守りたいものは

絶耐糖度

守りたいものは

 今ならまだ引き返せるかもしれない。でも......。


 そう何度も思ったけど、実行なんてしなかった。それを悔んでなんかいない。今更考えても仕方がない。



 「星哭ほしなきさん、サブコン落ちます!」


 喧騒、私の研究室は今、何者かに襲撃されている。研究資料の盗難なんて、そんなのはもんだいじゃない。今ここで研究をとられたら、やつらは全てを隠蔽したままになってしまう。私は地球を救わなきゃいけない。大げさかもしれないが、これをしっていてこちら側に付けるものはあまりいないから。


 「第二、第三隔壁も耐えられません。脱出しますか?」


 部下の渡邉が聞いてくる。が、だからこそ私がやらなきゃならない。部下たちが総出で食い止めようとしているが、私たちはただの科学者でしかなくて、戦うすべがない。


 「いいえ、あなたたちは早く逃げて。私はここに残るわ。これは私の研究だもの、置いてなんか行けない。それに、このままじゃ地球が危ない。私は残ってやつらを食い止める。その間にあなた達は研究を進めて公開して」


 「しかし......」


 私はもう引き返せないところまで来てしまった。私たちの研究が暗部の陰謀をさらけ出すことになるらしい。幸いなのは狙われているのが今は私一人ってこと。よかった。最後に娘に、夫に、地球の未来を託せて。


 「みんな、早く!」


 ビュウウゥゥン。ビビ。銃声が聞こえる。もうこの研究所は使えない。


 「さあ!はやく行って。そしてこのことを信頼できる人に伝えて。地球の仲間に、後を継いでもらうのよ。」


 「すみません、先に行きます。でも必ず所長が守ろうとした地球を、やつらに渡しはしません。我々が、地球を救うのです。」


 「よろしくね。それと私は事故死ってことにしておいて。あの人や娘を巻き込むわけにはいかないから。」


 「わかりました。もう私たち以外は脱出しています。星哭さん、あなたも一緒に逃げましょう。まだ間に合います。」 


 渡邉が私の腕を引いて脱出口へ連れて行こうとする。その手をつかんで。


 「私はギリギリまで粘ってこちらの情報を守る。私たちがここまで来ていると知ったら、やつらはすぐにでも計画を実行しかねない。逃げられちゃったら元も子もないからね。」


 「わかりました。でも一番奥の部屋のアブソルームにしてください。あそこなら気づかれずにやり通せるかもしれません。後で迎えに来るんでそれまで生きててください。」


 確かにあそこなら絶対防護機能が働く、でもさすがにやつらには対抗できないことはわかっている。でも......。


 「わかったわ。あなたももう逃げなさい。」



 こんなことになるなんて。予想をしていなかったといえば嘘になる。でもここまで早く、しかも昼間にいきなり全面戦闘をけしかけてくるとは。正直ぬかったとおもうしかない。


 でもこれでどうにか仲間は全員逃がした。たとえ私がここで消されようとも、やつらに対抗する為の研究はそろそろ大詰めにかかっている。このままいけば、地球は守られる。なんとしてでも守らなければならない。

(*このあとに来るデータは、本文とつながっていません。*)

(* Let $r\ge0$, $p\in\mathcal{P}_r$, and let $\mathcal{S}\subseteq\mathcal{HC}^*(p)$ be a subset with exactly $\kappa_p$ elements. Then there exists a cycle structure set $\sigma$ for $p$ such that each pair in $\sigma$ contains exactly one element of $\mathcal{S}$.
   Context: A partition $p=(p_1\ge\dots\ge p_k>0)$ is identified with its Young diagram $Y_p$ (rows numbered from the top, columns from the left, starting at $1$); $s_{ij}$ denotes the square in row $i$, column $j$ (possibly outside $Y_p$). Rank: repeatedly removing from a Young diagram a domino (two adjacent squares) so that a Young diagram remains ends at the staircase $(r,r-1,\dots,1)$ for a unique $r\ge0$; $r$ is the rank of $p$ and $\mathcal{P}_r$ is the set of partitions of rank $r$. For $p\in\mathcal{P}_r$: $\mathcal{HC}(p)$ is the set of squares $s_{ij}$ with $i+j\equiv r\pmod2$, $i+j>r+1$, such that adding $s_{ij}$ to $Y_p$ or removing $s_{ij}$ from $Y_p$ yields a Young diagram; $\mathcal{C}(p)$ (resp. $\mathcal{H}(p)$) consists of those with $i$ odd (resp. even). $\mathcal{HC}^*(p),\mathcal{C}^*(p),\mathcal{H}^*(p)$ are defined the same way with $i+j>r+2$ in place of $i+j>r+1$. A square of $\mathcal{HC}(p)$ is filled if it lies in $Y_p$. $\gamma_p$ is the number of squares $s_{ij}\in Y_p$ with $i+j=r+2$; $\kappa_p$ is the number of filled squares of $\mathcal{HC}(p)$. A square $s_{mn}$ lies between $s_{ij}$ and $s_{kl}$ iff $m$ is between $i$ and $k$ and $n$ between $j$ and $l$ (inclusive). A cycle structure set for $p$ is a set $\sigma$ of pairwise disjoint unordered pairs $\{a,b\}$ with $a\in\mathcal{H}^*(p)$, $b\in\mathcal{C}^*(p)$ such that (1) exactly $\gamma_p$ squares of $\mathcal{HC}^*(p)$ lie in no pair of $\sigma$, and (2) for every $\{a,b\}\in\sigma$, every square $c\in\mathcal{HC}^*(p)$ lying between $a$ and $b$ is paired in $\sigma$ with another square lying between $a$ and $b$. *)

theory Defs
  imports Main
begin

type_synonym square = "nat \<times> nat"  (* (row i, column j), both starting at 1 *)

definition is_partition :: "nat list \<Rightarrow> bool" where
  "is_partition p \<longleftrightarrow> sorted_wrt (\<ge>) p \<and> (\<forall>x\<in>set p. 0 < x)"

definition Y :: "nat list \<Rightarrow> square set" where
  "Y p = {(i, j). 1 \<le> i \<and> i \<le> length p \<and> 1 \<le> j \<and> j \<le> p ! (i - 1)}"

definition young :: "square set \<Rightarrow> bool" where
  "young D \<longleftrightarrow> finite D \<and> (\<forall>(i, j)\<in>D. 1 \<le> i \<and> 1 \<le> j) \<and>
     (\<forall>i j i' j'. (i, j) \<in> D \<and> 1 \<le> i' \<and> i' \<le> i \<and> 1 \<le> j' \<and> j' \<le> j \<longrightarrow> (i', j') \<in> D)"

definition adjacent :: "square \<Rightarrow> square \<Rightarrow> bool" where
  "adjacent a b \<longleftrightarrow>
     (fst a = fst b \<and> (snd a = snd b + 1 \<or> snd b = snd a + 1)) \<or>
     (snd a = snd b \<and> (fst a = fst b + 1 \<or> fst b = fst a + 1))"

definition domino_step :: "square set \<Rightarrow> square set \<Rightarrow> bool" where
  "domino_step D D' \<longleftrightarrow>
     (\<exists>a b. a \<in> D \<and> b \<in> D \<and> adjacent a b \<and> D' = D - {a, b} \<and> young D')"
text \<open>Stage N of step 1 adds a geometric number of boxes (success probability h = u/q^N), so it
  acts on test functions as (1 - h) sum_k h^k B^k, the solution E of E = g + h B E, where B adds
  one box. Dually, the law f_N of the partition after stage N satisfies
  (1 - h) f_(N-1) = f_N - h B* f_N, where the adjoint B* sums over the corner boxes. The candidate
  f_M(lam) = prod_(r<=M) (1 - u/q^r) u^|lam| prod_(i<lam'_1) (1 - q^(i-M)) / W(lam), with W the
  denominator of N_(u,q), solves these equations: removing the corner box of column s changes W by
  a factor proportional to q^(lam'_s) - q^(lam'_(s+1)), and these differences telescope to
  q^(lam'_1) - 1. As M grows, f_M tends to prod_r (1 - u/q^r) u^|lam| / W(lam), and the same corner
  computation with the step-2 probabilities turns it into N_(u,q).\<close>

section \<open>Columns and corner boxes\<close>

lemma col_Nil [simp]: "col [] s = 0"
  by (simp add: col_def)

lemma col_Cons [simp]: "col (x # xs) s = (if s \<le> x then 1 else 0) + col xs s"
  by (simp add: col_def)

lemma col_append [simp]: "col (xs @ ys) s = col xs s + col ys s"
  by (simp add: col_def)

lemma mult_Nil [simp]: "mult [] i = 0"
  by (simp add: mult_def)

lemma mult_Cons [simp]: "mult (x # xs) i = (if x = i then 1 else 0) + mult xs i"
  by (simp add: mult_def)
lemma maximal_proper_filter_is_ultrafilter:
  assumes "F \<noteq> bot" and max: "\<And>G. G \<noteq> bot \<Longrightarrow> G \<le> F \<Longrightarrow> G = F"
  shows "is_ultrafilter F"
  unfolding is_ultrafilter_def
proof (intro conjI allI disjCI)
  fix A assume "\<not> eventually (\<lambda>x. x \<notin> A) F"
  then have "inf F (principal A) \<noteq> bot"
    by (simp add: trivial_limit_def eventually_inf_principal)
  then have "inf F (principal A) = F"
    by (rule max) simp
  moreover have "eventually (\<lambda>x. x \<in> A) (inf F (principal A))"
    by (simp add: eventually_inf_principal)
  ultimately show "eventually (\<lambda>x. x \<in> A) F"
    by simp
qed fact

lemma Inf_filter_chain_neq_bot:
  fixes C :: "'a filter set"
  assumes "C \<noteq> {}" "bot \<notin> C" and chain: "\<And>G H. G \<in> C \<Longrightarrow> H \<in> C \<Longrightarrow> G \<le> H \<or> H \<le> G"
  shows "Inf C \<noteq> bot"
proof -
  have "eventually P (Inf C) \<longleftrightarrow> (\<exists>G\<in>C. eventually P G)" for P
  proof (rule eventually_Inf_base)
    fix G H assume "G \<in> C" "H \<in> C"
    then show "\<exists>L\<in>C. L \<le> inf G H"
      using chain[of G H] by (metis inf.orderE inf_commute order_refl)
  qed fact
  from this[of "\<lambda>x. False"] assms(2) show ?thesis
    by (auto simp: eventually_False)
qed

theorem ultrafilter_exists_le:
  fixes F :: "'a filter"
  assumes "F \<noteq> bot"
  obtains U where "U \<le> F" "is_ultrafilter U"
proof -
  define \<P> where "\<P> = {G. G \<noteq> bot \<and> G \<le> F}"
  have "partial_order_on \<P> (relation_of (\<ge>) \<P>)"
    by (rule partial_order_on_relation_ofI) auto
  then have "\<exists>U\<in>\<P>. \<forall>G\<in>\<P>. U \<ge> G \<longrightarrow> G = U"
  proof (rule predicate_Zorn)
    fix C assume "C \<in> Chains (relation_of (\<ge>) \<P>)"
    then have C: "C \<subseteq> \<P>" and chain: "\<And>G H. G \<in> C \<Longrightarrow> H \<in> C \<Longrightarrow> G \<le> H \<or> H \<le> G"
      by (auto simp: Chains_def relation_of_def)
    show "\<exists>L\<in>\<P>. \<forall>G\<in>C. G \<ge> L"
    proof (cases "C = {}")
      case True
      then show ?thesis
        using assms by (auto simp: \<P>_def)
    next
      case False
      then have "Inf C \<in> \<P>"
        using C chain Inf_filter_chain_neq_bot[OF False]
        by (auto simp: \<P>_def intro: Inf_lower2)
      then show ?thesis
        by (auto intro: Inf_lower)
    qed
  qed
  then obtain U where U: "U \<in> \<P>" and max: "\<And>G. G \<in> \<P> \<Longrightarrow> G \<le> U \<Longrightarrow> G = U"
    by blast
  have "is_ultrafilter U"
  proof (rule maximal_proper_filter_is_ultrafilter)
    show "U \<noteq> bot"
      using U by (simp add: \<P>_def)
    show "G = U" if "G \<noteq> bot" "G \<le> U" for G
      using U that by (intro max) (auto simp: \<P>_def)
  qed
  with U show ?thesis
    by (intro that) (auto simp: \<P>_def)
qed

lemma ultrafilter_tendsto_compact:
  fixes f :: "'a \<Rightarrow> 'b::topological_space"
  assumes F: "is_ultrafilter F" and "compact K" "eventually (\<lambda>x. f x \<in> K) F"
  obtains c where "c \<in> K" "(f \<longlongrightarrow> c) F"
proof -
  have "filtermap f F \<noteq> bot"
    using F by (simp add: is_ultrafilter_def filtermap_bot_iff)
  moreover have "eventually (\<lambda>y. y \<in> K) (filtermap f F)"
    using assms(3) by (simp add: eventually_filtermap)
  ultimately obtain c where "c \<in> K" "inf (nhds c) (filtermap f F) \<noteq> bot"
    using \<open>compact K\<close> unfolding compact_filter by blast
  moreover from this(2) have "filtermap f F \<le> nhds c"
    by (rule ultrafilter_le_if_inf_neq_bot[OF is_ultrafilter_filtermap[OF F]])
  ultimately show ?thesis
    using that unfolding filterlim_def by blast
qed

 「ここまで来るのにどれくらいの時間が残されているかしらね。」


 早速作業に取り掛かる。マスターを試行し、全てのデータにアクセスする。この最後の物だけでも消さなくては。守るためにやつらの悪事を暴いて、逆に煽ってはならない。それこそ最悪の結果だ。


 ~


 足音が聞こえる。もうきてしまったか。でも、証拠は残っていない。やつらに見つかっても、殺されるだけ。初めからそういう覚悟でやっていたのに、いつの間にか死にたくなくなっていた。


 あの頃は、能力だけで私を見る周囲が嫌いだった。でも私が好きだった自然を守りたかったから、この計画に賛同した。それからあの人に出会い、結婚して、娘も産んだ。守るものが増えてしまった。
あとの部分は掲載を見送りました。